TASK INSTRUCTIONS: Starting at the top of the entries, restate word for word each line up to and including the one with "unfolding T_def by (rule LIMSEQ_incseq_SUP[OF".

RAW DATA:
lemma exhaustion_sums_tendsto_infsum:
  fixes f :: "'a \<Rightarrow> real"
  assumes nonneg: "\<And>x. x \<in> A \<Longrightarrow> 0 \<le> f x"
    and E: "\<And>N. finite (E N)" "\<And>N. E N \<subseteq> A" "incseq E"
    and exhaust: "\<And>D. finite D \<Longrightarrow> D \<subseteq> A \<Longrightarrow> \<exists>N. D \<subseteq> E N"
    and bound: "\<And>N. sum f (E N) \<le> C"
  shows "f summable_on A" and "(\<lambda>N. sum f (E N)) \<longlonglongrightarrow> infsum f A"
proof -
  define T where "T = (SUP N. sum f (E N))"
  have bdd: "bdd_above (range (\<lambda>N. sum f (E N)))"
    using bound by (rule bdd_aboveI2)
  have sum_le_T: "sum f D \<le> T" if fin: "finite D" and sub: "D \<subseteq> A" for D
  proof -
    obtain N where N: "D \<subseteq> E N"
      using exhaust[OF fin sub] by blast
    have "sum f D \<le> sum f (E N)"
      by (rule sum_mono2[OF E(1) N]) (use N E(2) nonneg in blast)
    also have "\<dots> \<le> T"
      unfolding T_def by (rule cSUP_upper[OF _ bdd]) simp
    finally show ?thesis .
  qed
  then have bdd_finite: "bdd_above (sum f ` {D. finite D \<and> D \<subseteq> A})"
    by (intro bdd_aboveI2[where M=T]) auto
  show sm: "f summable_on A"
  proof (rule nonneg_bdd_above_summable_on)
    show "bdd_above (sum f ` {D. D \<subseteq> A \<and> finite D})"
      using bdd_finite by (simp add: conj_commute)
  qed (use nonneg in auto)
  have infsum_eq: "infsum f A = (SUP D\<in>{D. finite D \<and> D \<subseteq> A}. sum f D)"
    by (rule infsum_nonneg_is_SUPREMUM_real[OF sm nonneg])
  have "T = infsum f A"
  proof (rule antisym)
    show "T \<le> infsum f A"
      unfolding T_def infsum_eq
      by (rule cSUP_least) (auto intro!: cSUP_upper[OF _ bdd_finite] E(1,2))
    show "infsum f A \<le> T"
      unfolding infsum_eq by (rule cSUP_least) (auto intro: sum_le_T)
  qed
  moreover have "incseq (\<lambda>N. sum f (E N))"
  proof (rule incseq_SucI)
    show "sum f (E N) \<le> sum f (E (Suc N))" for N
      using E nonneg incseq_SucD[OF E(3), of N] by (intro sum_mono2) auto
  qed
  then have "(\<lambda>N. sum f (E N)) \<longlonglongrightarrow> T"
    unfolding T_def by (rule LIMSEQ_incseq_SUP[OF bdd])
  ultimately show "(\<lambda>N. sum f (E N)) \<longlonglongrightarrow> infsum f A"
    by simp
qed

lemma kernel_norm2_trunc_limit:
  assumes bound: "\<And>N. trunc_norm2 F N n \<le> C"
  shows "(\<lambda>ks. (cmod (F n ks))\<^sup>2) summable_on {ks. length ks = n}"
    and "(\<lambda>N. trunc_norm2 F N n) \<longlonglongrightarrow> kernel_norm2 F n"
proof -
  have "incseq (\<lambda>N. lists_len {..<N} n)"
    by (auto simp: incseq_def intro!: lists_len_mono)
  moreover have "lists_len {..<N} n \<subseteq> {ks. length ks = n}" for N
    unfolding lists_len_def by auto
  note exhaustion_sums_tendsto_infsum[OF _ finite_lists_len[OF finite_lessThan] this calculation
      finite_subset_lists_len_lessThan bound[unfolded trunc_norm2_def]]
  then show "(\<lambda>ks. (cmod (F n ks))\<^sup>2) summable_on {ks. length ks = n}"
    and "(\<lambda>N. trunc_norm2 F N n) \<longlonglongrightarrow> kernel_norm2 F n"
    unfolding trunc_norm2_def kernel_norm2_def by auto
qed

lemma sums_incseq_limit:
  fixes u :: "nat \<Rightarrow> nat \<Rightarrow> real"
  assumes nonneg: "\<And>N n. 0 \<le> u N n" and inc: "\<And>N n. u N n \<le> u (Suc N) n"
    and lim: "\<And>n. (\<lambda>N. u N n) \<longlonglongrightarrow> w n"
    and S: "\<And>N. (\<lambda>n. u N n) sums S N" and S_lim: "S \<longlonglongrightarrow> T"
  shows "w sums T"
proof -
  have "incseq (\<lambda>N. u N n)" for n
    using inc by (rule incseq_SucI)
  then have u_le_w: "u N n \<le> w n" for N n
    using incseq_le lim by blast
  have w_nonneg: "0 \<le> w n" for n
    using nonneg[of 0 n] u_le_w[of 0 n] by linarith
  have S_le_T: "S N \<le> T" for N
    by (rule incseq_le[OF incseq_SucI S_lim]) (use sums_le[OF _ S S] inc in blast)
  have partial: "(\<Sum>n<M. w n) \<le> T" for M
  proof (rule LIMSEQ_le_const2[OF tendsto_sum[OF lim]])
    show "\<exists>N0. \<forall>N\<ge>N0. (\<Sum>n<M. u N n) \<le> T"
    proof (intro exI allI impI)
      fix N
      have "(\<Sum>n<M. u N n) \<le> S N"
        using sum_le_suminf[OF sums_summable[OF S[of N]], of "{..<M}"] nonneg sums_unique[OF S[of N]]
        by auto
      then show "(\<Sum>n<M. u N n) \<le> T"
        using S_le_T[of N] by linarith
    qed
  qed
  have "(\<Sum>n\<le>M. w n) \<le> T" for M
    using partial[of "Suc M"] by (simp add: lessThan_Suc_atMost)
  then have sw: "summable w"
    by (rule bounded_imp_summable[OF w_nonneg])
  have "suminf w \<le> T"
    by (rule suminf_le_const[OF sw partial])
  moreover have "T \<le> suminf w"
    using suminf_le[OF u_le_w sums_summable[OF S] sw] sums_unique[OF S]
    by (intro LIMSEQ_le_const2[OF S_lim]) auto
  ultimately show ?thesis
    using summable_sums[OF sw] by simp
qed

lemma prod_unit_interval_limit:
  fixes f :: "nat \<Rightarrow> real"
  assumes "\<And>k. 0 \<le> f k \<and> f k \<le> 1"
  shows "(\<lambda>N. \<Prod>k<N. f k) \<longlonglongrightarrow> lim (\<lambda>N. \<Prod>k<N. f k)"
    and "lim (\<lambda>N. \<Prod>k<N. f k) \<le> (\<Prod>k<N. f k)"
proof -
  have dec: "decseq (\<lambda>N. \<Prod>k<N. f k)"
  proof (rule decseq_SucI)
    fix N
    have "(\<Prod>k<N. f k) * f N \<le> (\<Prod>k<N. f k) * 1"
      using assms by (intro mult_left_mono prod_nonneg) auto
    then show "(\<Prod>k<Suc N. f k) \<le> (\<Prod>k<N. f k)" by simp
  qed
  then obtain L where L: "(\<lambda>N. \<Prod>k<N. f k) \<longlonglongrightarrow> L" "\<forall>i. L \<le> (\<Prod>k<i. f k)"
    using decseq_convergent[OF dec, of 0] assms by (auto intro: prod_nonneg)
  then show "(\<lambda>N. \<Prod>k<N. f k) \<longlonglongrightarrow> lim (\<lambda>N. \<Prod>k<N. f k)"
    and "lim (\<lambda>N. \<Prod>k<N. f k) \<le> (\<Prod>k<N. f k)"
    using limI[OF L(1)] by auto
qed

text \<open>Letting \<open>N \<rightarrow> \<infinity>\<close> in \<open>trunc_norm2_generating\<close>: each coefficient bound
  \<open>trunc_norm2 F N n \<le> L powr (-1/2) / s ^ n\<close> gives convergence of the truncated norms,
  and monotone convergence passes to the limit in the series.\<close>

lemma chaos_norm2_generating:
  assumes gauss: "is_gauss_kernel a F" and eig: "\<And>k. 0 < a k \<and> a k < 2"
    and s: "0 < s" "s \<le> 1"
    and pos: "lim (\<lambda>N. \<Prod>k<N. 1 - s\<^sup>2 * (1 - a k)\<^sup>2) > 0"
  shows "sq_integrable_kernels F"
    and "(\<lambda>n. fact n * kernel_norm2 F n * s ^ n) sums
      (lim (\<lambda>N. \<Prod>k<N. 1 - s\<^sup>2 * (1 - a k)\<^sup>2)) powr (- 1/2)"
proof -
  define P where "P N = (\<Prod>k<N. 1 - s\<^sup>2 * (1 - a k)\<^sup>2)" for N
  define L where "L = lim P"
  have "0 \<le> 1 - s\<^sup>2 * (1 - a k)\<^sup>2 \<and> 1 - s\<^sup>2 * (1 - a k)\<^sup>2 \<le> 1" for k
    using unit_factor_bounds[of "1 - a k" s] eig[of k] s by auto
  from prod_unit_interval_limit[OF this]
  have P_lim: "P \<longlonglongrightarrow> L" and L_le: "\<And>N. L \<le> P N"
    unfolding P_def L_def by auto
  have L_pos: "L > 0" using pos unfolding L_def P_def .
  have G: "(\<lambda>n. fact n * trunc_norm2 F N n * s ^ n) sums (P N powr (- 1/2))" for N
    unfolding P_def by (rule trunc_norm2_generating[OF gauss eig]) (use s in auto)
  have bound: "trunc_norm2 F N n \<le> L powr (- 1/2) / s ^ n" for N n
  proof -
    have "fact n * trunc_norm2 F N n * s ^ n \<le> P N powr (- 1/2)"
      using sum_le_suminf[OF sums_summable[OF G[of N]], of "{n}"] sums_unique[OF G[of N]]
        trunc_norm2_nonneg s by simp
    also have "\<dots> \<le> L powr (- 1/2)"
      by (rule powr_mono2') (use L_pos L_le in auto)
    finally have "fact n * trunc_norm2 F N n \<le> L powr (- 1/2) / s ^ n"
      using s by (simp add: field_simps)
    moreover have "trunc_norm2 F N n \<le> fact n * trunc_norm2 F N n"
      using trunc_norm2_nonneg[of F N n] by (simp add: mult_le_cancel_right1)
    ultimately show ?thesis by linarith
  qed
  show "sq_integrable_kernels F"
    unfolding sq_integrable_kernels_def using kernel_norm2_trunc_limit(1)[OF bound] by blast
  show "(\<lambda>n. fact n * kernel_norm2 F n * s ^ n) sums (lim (\<lambda>N. \<Prod>k<N. 1 - s\<^sup>2 * (1 - a k)\<^sup>2)) powr (- 1/2)"
    unfolding P_def[symmetric] L_def[symmetric]
  proof (rule sums_incseq_limit[OF _ _ _ G])
    show "0 \<le> fact n * trunc_norm2 F N n * s ^ n" for N n
      using trunc_norm2_nonneg s by simp
    show "fact n * trunc_norm2 F N n * s ^ n \<le> fact n * trunc_norm2 F (Suc N) n * s ^ n" for N n
      using trunc_norm2_mono[of N "Suc N"] s by (simp add: mult_right_mono)
    show "(\<lambda>N. fact n * trunc_norm2 F N n * s ^ n) \<longlonglongrightarrow> fact n * kernel_norm2 F n * s ^ n" for n
      by (intro tendsto_intros kernel_norm2_trunc_limit(2)[OF bound])
    show "(\<lambda>N. P N powr (- 1/2)) \<longlonglongrightarrow> L powr (- 1/2)"
      by (rule tendsto_powr[OF P_lim tendsto_const]) (use L_pos in auto)
  qed
qed

lemma gauss_kernel_in_L2:
  assumes gauss: "is_gauss_kernel a F" and eig: "\<And>k. 0 < a k \<and> a k < 2"
    and pos: "0 < det_2A_A2 a"
  shows "in_L2 F"
proof -
  have "(\<lambda>N. \<Prod>k<N. 1 - 1\<^sup>2 * (1 - a k)\<^sup>2) = (\<lambda>N. \<Prod>k<N. 2 * a k - (a k)\<^sup>2)"
    by (simp add: power2_eq_square algebra_simps)
  then have "lim (\<lambda>N. \<Prod>k<N. 1 - 1\<^sup>2 * (1 - a k)\<^sup>2) > 0"
    using pos unfolding det_2A_A2_def by simp
  from chaos_norm2_generating[OF gauss eig _ _ this] show ?thesis
    unfolding in_L2_def by (auto dest: sums_summable)
qed

definition powser_diffs :: "(nat \<Rightarrow> real) \<Rightarrow> nat \<Rightarrow> real \<Rightarrow> real" where
  "powser_diffs c m x = (\<Sum>p. (diffs ^^ m) c p * x ^ p)"

lemma summable_diffs_funpow:
  fixes c :: "nat \<Rightarrow> real"
  assumes sm: "\<And>x. \<bar>x\<bar> < 1 \<Longrightarrow> summable (\<lambda>p. c p * x ^ p)" and x: "\<bar>x\<bar> < 1"
  shows "summable (\<lambda>p. (diffs ^^ m) c p * x ^ p)"
  using x
proof (induction m arbitrary: x)
  case 0
  then show ?case using sm by simp
next
  case (Suc m)
  have "summable (\<lambda>p. diffs ((diffs ^^ m) c) p * x ^ p)"
    by (rule termdiff_converges[of x 1]) (use Suc in auto)
  then show ?case by simp
qed

lemma powser_diffs_deriv:
  assumes sm: "\<And>x. \<bar>x\<bar> < 1 \<Longrightarrow> summable (\<lambda>p. c p * x ^ p)" and x: "\<bar>x\<bar> < 1"
  shows "(powser_diffs c m has_real_derivative powser_diffs c (Suc m) x) (at x)"
proof -
  define K where "K = (1 + \<bar>x\<bar>) / 2"
  have K: "\<bar>K\<bar> < 1" "\<bar>x\<bar> < \<bar>K\<bar>"
    using x unfolding K_def by auto
  have "summable (\<lambda>p. (diffs ^^ m) c p * K ^ p)"
    by (rule summable_diffs_funpow[OF sm K(1)])
  from termdiffs_strong[OF this, of x] K(2) show ?thesis
    unfolding powser_diffs_def by simp
qed

lemma iter_deriv_on_powser_diffs:
  assumes sm: "\<And>x. \<bar>x\<bar> < 1 \<Longrightarrow> summable (\<lambda>p. c p * x ^ p)"
  shows "iter_deriv_on m (powser_diffs c k) {0<..<1} (powser_diffs c (k + m))"
proof (induction m arbitrary: k)
  case 0
  then show ?case by simp
next
  case (Suc m)
  have "\<forall>x\<in>{0<..<1}. (powser_diffs c k has_real_derivative powser_diffs c (Suc k) x) (at x)"
    using powser_diffs_deriv[OF sm] by auto
  moreover have "iter_deriv_on m (powser_diffs c (Suc k)) {0<..<1} (powser_diffs c (k + Suc m))"
    using Suc.IH[of "Suc k"] by simp
  ultimately show ?case by auto
qed

lemma iter_deriv_on_unique:
  assumes "open S" and "iter_deriv_on m g1 S h1" and "iter_deriv_on m g2 S h2"
    and "\<forall>x\<in>S. g1 x = g2 x" and "x \<in> S"
  shows "h1 x = h2 x"
  using assms(2-4)
proof (induction m arbitrary: g1 g2)
  case 0
  then show ?case using assms(5) by simp
next
  case (Suc m)
  obtain g1' where g1': "\<forall>x\<in>S. (g1 has_real_derivative g1' x) (at x)" "iter_deriv_on m g1' S h1"
    using Suc.prems(1) by auto
  obtain g2' where g2': "\<forall>x\<in>S. (g2 has_real_derivative g2' x) (at x)" "iter_deriv_on m g2' S h2"
    using Suc.prems(2) by auto
  have "g1' y = g2' y" if y: "y \<in> S" for y
  proof -
    have "(g1 has_real_derivative g2' y) (at y)"
      by (rule has_field_derivative_transform_within_open[OF _ assms(1) y])
        (use g2' y Suc.prems(3) in auto)
    then show ?thesis
      using g1' y DERIV_unique by blast
  qed
  then show ?case
    using Suc.IH[OF g1'(2) g2'(2)] by blast
qed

EXERCISE SOLUTION:
lemma exhaustion_sums_tendsto_infsum:
  fixes f :: "'a \<Rightarrow> real"
  assumes nonneg: "\<And>x. x \<in> A \<Longrightarrow> 0 \<le> f x"
    and E: "\<And>N. finite (E N)" "\<And>N. E N \<subseteq> A" "incseq E"
    and exhaust: "\<And>D. finite D \<Longrightarrow> D \<subseteq> A \<Longrightarrow> \<exists>N. D \<subseteq> E N"
    and bound: "\<And>N. sum f (E N) \<le> C"
  shows "f summable_on A" and "(\<lambda>N. sum f (E N)) \<longlonglongrightarrow> infsum f A"
proof -
  define T where "T = (SUP N. sum f (E N))"
  have bdd: "bdd_above (range (\<lambda>N. sum f (E N)))"
    using bound by (rule bdd_aboveI2)
  have sum_le_T: "sum f D \<le> T" if fin: "finite D" and sub: "D \<subseteq> A" for D
  proof -
    obtain N where N: "D \<subseteq> E N"
      using exhaust[OF fin sub] by blast
    have "sum f D \<le> sum f (E N)"
      by (rule sum_mono2[OF E(1) N]) (use N E(2) nonneg in blast)
    also have "\<dots> \<le> T"
      unfolding T_def by (rule cSUP_upper[OF _ bdd]) simp
    finally show ?thesis .
  qed
  then have bdd_finite: "bdd_above (sum f ` {D. finite D \<and> D \<subseteq> A})"
    by (intro bdd_aboveI2[where M=T]) auto
  show sm: "f summable_on A"
  proof (rule nonneg_bdd_above_summable_on)
    show "bdd_above (sum f ` {D. D \<subseteq> A \<and> finite D})"
      using bdd_finite by (simp add: conj_commute)
  qed (use nonneg in auto)
  have infsum_eq: "infsum f A = (SUP D\<in>{D. finite D \<and> D \<subseteq> A}. sum f D)"
    by (rule infsum_nonneg_is_SUPREMUM_real[OF sm nonneg])
  have "T = infsum f A"
  proof (rule antisym)
    show "T \<le> infsum f A"
      unfolding T_def infsum_eq
      by (rule cSUP_least) (auto intro!: cSUP_upper[OF _ bdd_finite] E(1,2))
    show "infsum f A \<le> T"
      unfolding infsum_eq by (rule cSUP_least) (auto intro: sum_le_T)
  qed
  moreover have "incseq (\<lambda>N. sum f (E N))"
  proof (rule incseq_SucI)
    show "sum f (E N) \<le> sum f (E (Suc N))" for N
      using E nonneg incseq_SucD[OF E(3), of N] by (intro sum_mono2) auto
  qed
  then have "(\<lambda>N. sum f (E N)) \<longlonglongrightarrow> T"
    unfolding T_def by (rule LIMSEQ_incseq_SUP[OF bdd])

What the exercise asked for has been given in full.